Exercise prompt ::
Write out each line from the data below that includes the word "using".

(Given data)

(* Let $\alpha>0$, $\gamma\in(0,1)$ and let $P$ be any distribution on $\mathcal X$. Given data $x_1,\dots,x_n$ with histogram $\theta=(\theta_1,\dots,\theta_k)$, let $S=\{j:\theta_j=0\}$ and define the random vector $Z=(z_1,\dots,z_k)$ by $$z_j=\begin{cases}\theta_j & \text{if } j\in S \text{ and } 2k\le\gamma n,\\ \theta_j+\frac{2}{n\alpha}L_j & \text{otherwise,}\end{cases}$$ where $L_1,\dots,L_k$ are i.i.d. Laplace random variables with mean zero and rate one (density $\tfrac12 e^{-|x|}$), independent of the data. Then this release mechanism is $(\alpha,\gamma)$-randomly differentially private with respect to $P$.
   Context: The sample space $\mathcal X$ is partitioned into $k$ cells $B_1,\dots,B_k$; the histogram of $x_1,\dots,x_n$ is $\theta_j=\frac1n\sum_{i=1}^n\mathbf 1\{x_i\in B_j\}$. A randomized algorithm $Q_n$ assigns to each database $X\in\mathcal X^n$ a distribution $Q_n(\cdot\mid X)$ on an output space (here $\mathbb R^k$). $Q_n$ is $(\alpha,\gamma)$-randomly differentially private (RDP) with respect to $P$ if, with $X_1,\dots,X_{n+1}$ i.i.d. $\sim P$, $X=(X_1,\dots,X_{n-1},X_n)$ and $X'=(X_1,\dots,X_{n-1},X_{n+1})$, $$\mathbb P\Big(\forall \text{ measurable } B:\ e^{-\alpha}\le \tfrac{Q_n(Z\in B\mid X)}{Q_n(Z\in B\mid X')}\le e^\alpha\Big)\ge 1-\gamma,$$ the probability being over $P^{n+1}$. *)

theory Defs
  imports "HOL-Probability.Probability"
begin

text \<open>Cells B_1..B_k are encoded by a cell-index function cell :: 'a => nat with values in
  {0..<k}: B_(j+1) = {x. cell x = j}.  A database of size n is a function X :: nat => 'a,
  whose entries are X 0, ..., X (n-1).\<close>

definition histogram :: "('a \<Rightarrow> nat) \<Rightarrow> nat \<Rightarrow> (nat \<Rightarrow> 'a) \<Rightarrow> nat \<Rightarrow> real" where
  "histogram cell n X j = real (card {i \<in> {..<n}. cell (X i) = j}) / real n"

definition laplace :: "real measure" where
  "laplace = density lborel (\<lambda>x. ennreal (exp (- \<bar>x\<bar>) / 2))"

text \<open>The release mechanism Q_n(. | X): a distribution on R^k, represented as the
  product measure on {..<k} -> real; coordinates are independent.\<close>
definition hist_mech ::
  "('a \<Rightarrow> nat) \<Rightarrow> nat \<Rightarrow> nat \<Rightarrow> real \<Rightarrow> real \<Rightarrow> (nat \<Rightarrow> 'a) \<Rightarrow> (nat \<Rightarrow> real) measure" where
  "hist_mech cell k n \<alpha> \<gamma> X =
     PiM {..<k} (\<lambda>j. if histogram cell n X j = 0 \<and> 2 * real k \<le> \<gamma> * real n
                      then return lborel (histogram cell n X j)
                      else distr laplace lborel
                             (\<lambda>l. histogram cell n X j + 2 / (real n * \<alpha>) * l))"

text \<open>(alpha,gamma)-random differential privacy w.r.t. P.  The draw X_1..X_(n+1) is
  omega 0, ..., omega n under P^(n+1); X = (omega 0,...,omega (n-1)) and
  X' = (omega 0,...,omega (n-2), omega n).  The ratio condition is written in multiplicative
  form (0/0 is treated as satisfying the bounds).\<close>
definition RDP ::
  "'a measure \<Rightarrow> nat \<Rightarrow> 'b measure \<Rightarrow> ((nat \<Rightarrow> 'a) \<Rightarrow> 'b measure) \<Rightarrow> real \<Rightarrow> real \<Rightarrow> bool" where
  "RDP P n Out Q \<alpha> \<gamma> \<longleftrightarrow>
     measure (PiM {..n} (\<lambda>_. P))
       {\<omega> \<in> space (PiM {..n} (\<lambda>_. P)).
          \<forall>B \<in> sets Out.
            exp (- \<alpha>) * measure (Q (restrict (fun_upd \<omega> (n - 1) (\<omega> n)) {..<n})) B
               \<le> measure (Q (restrict \<omega> {..<n})) B \<and>
            measure (Q (restrict \<omega> {..<n})) B
               \<le> exp \<alpha> * measure (Q (restrict (fun_upd \<omega> (n - 1) (\<omega> n)) {..<n})) B}
     \<ge> 1 - \<gamma>"

end

theory Submission
  imports Defs
begin

text \<open>Replacing the last record changes at most two histogram cells, each by \<open>1/n\<close>, so the
  histogram has \<open>\<ell>\<^sub>1\<close>-sensitivity \<open>2/n\<close>; on the noised coordinates the density ratio of the two
  output laws is at most \<open>exp (\<Sum>\<^sub>j |\<theta>\<^sub>j - \<theta>'\<^sub>j| / s) \<le> e\<^sup>\<alpha>\<close> for the noise scale \<open>s = 2/(n\<alpha>)\<close>.
  The only danger is a changed cell that is empty in one of the two databases and therefore
  released without noise.  When \<open>2k \<le> \<gamma>n\<close>, this requires the cell of one of the two swapped records
  to be missed by the other \<open>n - 1\<close> records, which by a union bound over the \<open>k\<close> cells has
  probability at most \<open>2k/n \<le> \<gamma>\<close>.\<close>

lemma sets_laplace [simp, measurable_cong]: "sets laplace = sets borel"
  by (simp add: laplace_def)

lemma prob_space_laplace: "prob_space laplace"
proof
  let ?e = "exponential_density (1::real)"
  have int_e: "(\<integral>\<^sup>+ x. ennreal (?e x) \<partial>lborel) = 1"
    using prob_space.emeasure_space_1[OF prob_space_exponential_density[of 1]]
    by (simp add: emeasure_density)
  have int_e_reflected: "(\<integral>\<^sup>+ x. ennreal (?e (- x)) \<partial>lborel) = 1"
    using int_e by (subst lborel_distr_uminus[symmetric]) (simp add: nn_integral_distr)
  have split: "ennreal (exp (- \<bar>x\<bar>) / 2) = (ennreal (?e x) + ennreal (?e (- x))) / 2"
    if "x \<noteq> 0" for x :: real
    using that by (cases "x < 0") (simp_all add: exponential_density_def ennreal_divide_numeral)
  have "emeasure laplace (space laplace) = (\<integral>\<^sup>+ x. ennreal (exp (- \<bar>x\<bar>) / 2) \<partial>lborel)"
    by (simp add: laplace_def emeasure_density)
  also have "\<dots> = (\<integral>\<^sup>+ x. (ennreal (?e x) + ennreal (?e (- x))) / 2 \<partial>lborel)"
    by (intro nn_integral_cong_AE eventually_mono[OF AE_lborel_singleton[of 0]]) (simp add: split)
  also have "\<dots> = 1"
    by (simp add: nn_integral_divide nn_integral_add int_e int_e_reflected one_add_one[symmetric] del: one_add_one)
  finally show "emeasure laplace (space laplace) = 1" .
qed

(End Given data)

Result for this task ::
    using prob_space.emeasure_space_1[OF prob_space_exponential_density[of 1]]
    using int_e by (subst lborel_distr_uminus[symmetric]) (simp add: nn_integral_distr)
    using that by (cases "x < 0") (simp_all add: exponential_density_def ennreal_divide_numeral)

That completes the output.